Why might excess weight lead to worse outcomes? “We found that BMI was associated with more nonrelapse mortality, meaning death due to treatment-related side effects,” said Dr. Shimony. “This may be because patients with higher BMI are less able to tolerate chemotherapy, possibly due to more hyperglycemia, infection, and less overall resilience in the setting of complications. Obesity may also be associated with intrinsic disease resistance. This may be because adipose tissue protects lymphoblasts from the effects of chemotherapy or is due to underdosing of chemotherapy drugs.”

The study authors noted limitations to their research such as its reliance on BMI at diagnosis, without details about weight changes over time, and the lack of a systematic evaluation of measurable residual disease.

In an interview, Gwen Nichols, MD, chief medical officer of the Leukemia & Lymphoma Society, said it’s indeed possible that heavier patients may be underdosed with chemotherapy – especially older ones who may have more excess weight than children.

Dr. Nichols, who praised the study, highlighted another theory. “What causes you metabolically to be overweight may be connected to some reason to less metabolization of chemotherapy drugs,” she said.

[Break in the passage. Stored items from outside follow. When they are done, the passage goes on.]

(* Let $V\sim\mathrm{Exp}(\lambda)$, let $V_1,V_2$ be independent copies of $V$, and write $V_{(1:2)}=\min(V_1,V_2)$, $V_{(2:2)}=\max(V_1,V_2)$. For $p_0\ge 0$ and $r\in[0,1]$ define $$R(p_0,r)=\begin{cases}2p_0+2r\,\mathbb{E}[V] & \text{if } p_0\le (1-r)\mathbb{E}[V_{(1:2)}],\\ p_0+r\,\mathbb{E}[V_{(2:2)}]+p_0\Pr[V_{(1:2)}>p_0] & \text{if } (1-r)\mathbb{E}[V_{(1:2)}]<p_0\le(1-r)\mathbb{E}[V_{(2:2)}],\\ 2p_0\Pr[V>p_0] & \text{if } p_0>(1-r)\mathbb{E}[V_{(2:2)}],\end{cases}$$ and let $u_c^*=\sup_{p_0\ge0,r\in[0,1]}R(p_0,r)$, $u_{c,r=0}^*=\sup_{p_0\ge0}R(p_0,0)$. Then $u_c^*=2\mathbb{E}[V]=2/\lambda$ and $u_{c,r=0}^*=\frac{3}{2\lambda}\big(1+e^{-3}\big)$, so $\Delta:=u_c^*-u_{c,r=0}^*=\frac{e^3-3}{2\lambda e^3}>0$, and the relative increase $\mathcal{I}:=\Delta/u_{c,r=0}^*=\frac{e^3-3}{3(1+e^3)}\approx 0.27$ for all $\lambda\in(1,\infty)$.
   Context: $R(p_0,r)$ is the expected revenue of a creator selling two identical NFTs at common mint price $p_0$ with royalty rate $r$, where a risk-neutral speculator buys 2, 1 or 0 units in the three price regions respectively, reselling to the highest-valuation end-buyers at their valuations, and unsold units are offered by the creator to remaining end-buyers at $p_0$. *)

theory Defs
  imports "HOL-Probability.Probability"
begin

text \<open>V1, V2 are the two independent
  copies of V on the probability space M; V is represented by V1.\<close>
definition revenue :: "'a measure \<Rightarrow> ('a \<Rightarrow> real) \<Rightarrow> ('a \<Rightarrow> real) \<Rightarrow> real \<Rightarrow> real \<Rightarrow> real" where
  "revenue M V1 V2 p0 r =
     (let EV = integral\<^sup>L M V1;
          Emin = integral\<^sup>L M (\<lambda>\<omega>. min (V1 \<omega>) (V2 \<omega>));
          Emax = integral\<^sup>L M (\<lambda>\<omega>. max (V1 \<omega>) (V2 \<omega>))
      in if p0 \<le> (1 - r) * Emin then 2 * p0 + 2 * r * EV
         else if p0 \<le> (1 - r) * Emax then
           p0 + r * Emax + p0 * measure M {\<omega> \<in> space M. min (V1 \<omega>) (V2 \<omega>) > p0}
         else 2 * p0 * measure M {\<omega> \<in> space M. V1 \<omega> > p0})"

end

theory Submission
  imports Defs
begin

text \<open>For exponential valuations every ingredient of the revenue is explicit:
  \<open>E V = 1/\<lambda>\<close>, \<open>min V1 V2 \<sim> Exp(2\<lambda>)\<close>, hence \<open>E (max V1 V2) = 3/(2\<lambda>)\<close>, and
  \<open>Pr[V > p] = exp (-\<lambda>p)\<close>. The revenue is then \<open>1/\<lambda>\<close> times a function of \<open>\<lambda>p0\<close> and \<open>r\<close>
  alone, so it suffices to take \<open>\<lambda> = 1\<close>. There each of the three price regions yields at
  most 2 (bounding the probability terms by \<open>x exp (-x) \<le> 1\<close>), with equality at \<open>p0 = 0, r = 1\<close>.
  Without royalties the middle region yields \<open>p + p exp (-2p)\<close>, which is nondecreasing and
  hence maximal at the region's right end \<open>p = 3/2\<close>; the other two regions yield at most
  \<open>1\<close> and \<open>2/e\<close>, both smaller.\<close>

lemma (in prob_space) exponential_distributed_integrable:
  "0 < l \<Longrightarrow> distributed M lborel X (exponential_density l) \<Longrightarrow> integrable M X"
  using erlang_ith_moment_integrable[of l X 0 1] by simp

lemma (in prob_space) exponential_distributed_max_expectation:
  assumes l: "0 < l" and u: "0 < u"
    and X: "distributed M lborel X (exponential_density l)"
    and Y: "distributed M lborel Y (exponential_density u)"
    and XY: "indep_var borel X borel Y"
  shows "expectation (\<lambda>x. max (X x) (Y x)) = 1 / l + 1 / u - 1 / (l + u)"
proof -
  have min: "distributed M lborel (\<lambda>x. min (X x) (Y x)) (exponential_density (l + u))"
    using exponential_distributed_min[OF l u X Y XY] .
  have lu: "0 < l + u" using l u by simp
  have "(\<lambda>x. max (X x) (Y x)) = (\<lambda>x. X x + Y x - min (X x) (Y x))"
    by (auto simp: fun_eq_iff max_def min_def)
  then show ?thesis
    using exponential_distributed_integrable[OF l X] exponential_distributed_integrable[OF u Y]
      exponential_distributed_integrable[OF lu min]
      exponential_distributed_expectation[OF l X] exponential_distributed_expectation[OF u Y]
      exponential_distributed_expectation[OF lu min]
    by (simp add: integral_diff integral_add)
qed

definition exponential_revenue :: "real \<Rightarrow> real \<Rightarrow> real \<Rightarrow> real" where
  "exponential_revenue l p r =
     (if p \<le> (1 - r) / (2 * l) then 2 * p + 2 * r / l
      else if p \<le> 3 * (1 - r) / (2 * l) then p + 3 * r / (2 * l) + p * exp (- 2 * l * p)
      else 2 * p * exp (- l * p))"

lemma revenue_exponential:
  assumes "prob_space M" and l: "0 < l"
    and V1: "distributed M lborel V1 (exponential_density l)"
    and V2: "distributed M lborel V2 (exponential_density l)"
    and V12: "prob_space.indep_var M borel V1 borel V2"
    and p: "0 \<le> p"
  shows "revenue M V1 V2 p r = exponential_revenue l p r"
proof -
  interpret prob_space M by fact
  have min: "distributed M lborel (\<lambda>x. min (V1 x) (V2 x)) (exponential_density (2 * l))"
    using exponential_distributed_min[OF l l V1 V2 V12] unfolding mult_2 .
  have EV: "expectation V1 = 1 / l"
    using exponential_distributed_expectation[OF l V1] .
  have Emin: "expectation (\<lambda>x. min (V1 x) (V2 x)) = 1 / (2 * l)"
    using exponential_distributed_expectation[OF _ min] l by simp
  have Emax: "expectation (\<lambda>x. max (V1 x) (V2 x)) = 3 / (2 * l)"
    using exponential_distributed_max_expectation[OF l l V1 V2 V12] l by (simp add: field_simps)
  have P: "prob {x \<in> space M. V1 x > p} = exp (- l * p)"
    using exponential_distributedD_gt[OF V1 p l] by (simp add: mult.commute)
  have Pmin: "prob {x \<in> space M. min (V1 x) (V2 x) > p} = exp (- 2 * l * p)"
    using exponential_distributedD_gt[OF min p] l by (simp add: mult.commute)
  show ?thesis
    unfolding revenue_def Let_def EV Emin Emax P Pmin
    by (simp add: exponential_revenue_def mult.commute)
qed

lemma mult_exp_minus_le: "x * exp (- x) \<le> exp (- 1 :: real)"
proof -
  have "x \<le> exp (x - 1)"
    using exp_ge_add_one_self[of "x - 1"] by linarith
  then have "x * exp (- x) \<le> exp (x - 1) * exp (- x)"
    by (simp add: mult_right_mono)
  then show ?thesis
    by (simp add: exp_add[symmetric])
qed

lemma mono_add_mult_exp_minus_double: "mono (\<lambda>x::real. x + x * exp (- 2 * x))"
proof (rule monoI, erule DERIV_nonneg_imp_nondecreasing)
  fix y :: real
  have "((\<lambda>x. x + x * exp (- 2 * x)) has_real_derivative 1 + (1 - 2 * y) * exp (- 2 * y)) (at y)"
    by (auto intro!: derivative_eq_intros simp: algebra_simps)
  moreover have "2 * y - 1 \<le> exp (2 * y)"
    using exp_ge_add_one_self[of "2 * y"] by linarith
  then have "(2 * y - 1) * exp (- 2 * y) \<le> exp (2 * y) * exp (- 2 * y)"
    by (simp add: mult_right_mono)
  then have "0 \<le> 1 + (1 - 2 * y) * exp (- 2 * y)"
    by (simp add: exp_add[symmetric] algebra_simps)
  ultimately show "\<exists>d. ((\<lambda>x. x + x * exp (- 2 * x)) has_real_derivative d) (at y) \<and> 0 \<le> d"
    by blast
qed

lemma exponential_revenue_scale:
  assumes "0 < l"
  shows "exponential_revenue l p r = exponential_revenue 1 (l * p) r / l"
  using assms by (simp add: exponential_revenue_def field_simps)

lemma exponential_revenue_unit_le:
  assumes "0 \<le> r" "r \<le> 1"
  shows "exponential_revenue 1 x r \<le> 2"
proof -
  have "x * exp (- x) \<le> 1" for x :: real
    using mult_exp_minus_le[of x] by (simp add: order_trans)
  from this[of "2 * x"] this[of x] show ?thesis
    using assms by (auto simp: exponential_revenue_def)
qed

lemma exponential_revenue_unit_zero_royalty_le:
  "exponential_revenue 1 x 0 \<le> 3 / 2 * (1 + exp (- 3))"
proof -
  have "exp (- 1 :: real) \<le> 3 / 4"
    using exp_ge_add_one_self[of 1] by (simp add: exp_minus field_simps)
  then have "2 * x * exp (- x) \<le> 3 / 2"
    using mult_exp_minus_le[of x] by simp
  moreover have "x + x * exp (- 2 * x) \<le> 3 / 2 * (1 + exp (- 3))" if "x \<le> 3 / 2"
    using monoD[OF mono_add_mult_exp_minus_double that] by simp
  ultimately show ?thesis
    unfolding exponential_revenue_def by simp (smt (verit) exp_gt_zero)
qed

lemma exponential_revenue_Sup:
  assumes l: "0 < l"
  shows "Sup ((\<lambda>(p, r). exponential_revenue l p r) ` ({0..} \<times> {0..1})) = 2 / l"
proof (rule cSup_eq_maximum)
  show "2 / l \<in> (\<lambda>(p, r). exponential_revenue l p r) ` ({0..} \<times> {0..1})"
    by (force simp: exponential_revenue_def intro!: image_eqI[of _ _ "(0, 1)"])
next
  fix x assume "x \<in> (\<lambda>(p, r). exponential_revenue l p r) ` ({0..} \<times> {0..1})"
  then obtain p r where "x = exponential_revenue l p r" "0 \<le> r" "r \<le> 1" by auto
  then show "x \<le> 2 / l"
    using exponential_revenue_scale[OF l] l
      divide_right_mono[OF exponential_revenue_unit_le, of r l "l * p"]
    by simp
qed

lemma exponential_revenue_zero_royalty_Sup:
  assumes l: "0 < l"
  shows "Sup ((\<lambda>p. exponential_revenue l p 0) ` {0..}) = 3 / 2 * (1 + exp (- 3)) / l"
proof (rule cSup_eq_maximum)
  have "exponential_revenue l (3 / (2 * l)) 0 = 3 / 2 * (1 + exp (- 3)) / l"
    using l by (simp add: exponential_revenue_def field_simps)
  then show "3 / 2 * (1 + exp (- 3)) / l \<in> (\<lambda>p. exponential_revenue l p 0) ` {0..}"
    using l by (force intro!: image_eqI[of _ _ "3 / (2 * l)"])
next
  fix x assume "x \<in> (\<lambda>p. exponential_revenue l p 0) ` {0..}"
  then obtain p where "x = exponential_revenue l p 0" by auto
  then show "x \<le> 3 / 2 * (1 + exp (- 3)) / l"
    using exponential_revenue_scale[OF l] l
      divide_right_mono[OF exponential_revenue_unit_zero_royalty_le, of l "l * p"]
    by simp
qed

theorem lemma5:
  fixes M :: "'a measure" and V1 V2 :: "'a \<Rightarrow> real" and l :: real
  assumes "prob_space M"
    and "l > 1"
    and "distributed M lborel V1 (exponential_density l)"
    and "distributed M lborel V2 (exponential_density l)"
    and "prob_space.indep_var M borel V1 borel V2"
  shows "let uc = Sup ((\<lambda>(p0, r). revenue M V1 V2 p0 r) ` ({0..} \<times> {0..1}));
             uc0 = Sup ((\<lambda>p0. revenue M V1 V2 p0 0) ` {0..});
             \<Delta> = uc - uc0;
             I = \<Delta> / uc0
         in uc = 2 * integral\<^sup>L M V1 \<and> uc = 2 / l
            \<and> uc0 = 3 / (2 * l) * (1 + exp (-3))
            \<and> \<Delta> = (exp 3 - 3) / (2 * l * exp 3) \<and> \<Delta> > 0
            \<and> I = (exp 3 - 3) / (3 * (1 + exp 3))"
proof -
  have l: "0 < l" using \<open>l > 1\<close> by simp
  note R = revenue_exponential[OF assms(1) l assms(3-5)]
  have "(\<lambda>(p0, r). revenue M V1 V2 p0 r) ` ({0..} \<times> {0..1})
      = (\<lambda>(p, r). exponential_revenue l p r) ` ({0..} \<times> {0..1})"
    by (rule image_cong) (auto simp: R)
  then have uc: "Sup ((\<lambda>(p0, r). revenue M V1 V2 p0 r) ` ({0..} \<times> {0..1})) = 2 / l"
    using exponential_revenue_Sup[OF l] by simp
  have "(\<lambda>p0. revenue M V1 V2 p0 0) ` {0..} = (\<lambda>p. exponential_revenue l p 0) ` {0..}"
    by (rule image_cong) (auto simp: R)
  then have uc0: "Sup ((\<lambda>p0. revenue M V1 V2 p0 0) ` {0..}) = 3 / 2 * (1 + exp (- 3)) / l"
    using exponential_revenue_zero_royalty_Sup[OF l] by simp
  have EV: "integral\<^sup>L M V1 = 1 / l"
    using prob_space.exponential_distributed_expectation[OF assms(1) l assms(3)] .
  define E where "E = exp (3 :: real)"
  have E: "3 < E"
    using exp_ge_add_one_self[of 3] by (simp add: E_def)
  have exp_minus_3: "exp (- 3) = 1 / E"
    by (simp add: E_def exp_minus inverse_eq_divide)
  have \<Delta>: "2 / l - 3 / 2 * (1 + 1 / E) / l = (E - 3) / (2 * l * E)"
    using l E by (simp add: field_simps)
  show ?thesis
    unfolding uc uc0 EV Let_def exp_minus_3 E_def[symmetric] \<Delta>
  proof (intro conjI)
    show "(E - 3) / (2 * l * E) / (3 / 2 * (1 + 1 / E) / l) = (E - 3) / (3 * (1 + E))"
      using l E by (simp add: divide_simps)
  qed (use l E in simp_all)
qed

end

Going forward, Dr. Shimony said “clinicians treating younger adults with ALL should monitor their patients with elevated BMI very closely for response and side effects. We recommend these patients be enrolled in clinical trials whenever possible so that more can be learned about how this group of patients responds to novel treatment approaches. Importantly, it is not yet known how obesity is associated with outcomes in nonasparaginase regimens such as hyper-CVAD or those approaches that rely on novel agents.” 

The Foley Family Research Fund funded the study. Dr. Luskin disclosed research support from Abbvie and Novartis, and some other study authors reported various disclosures. Dr. Shimony and Dr. Nichols have no disclosures.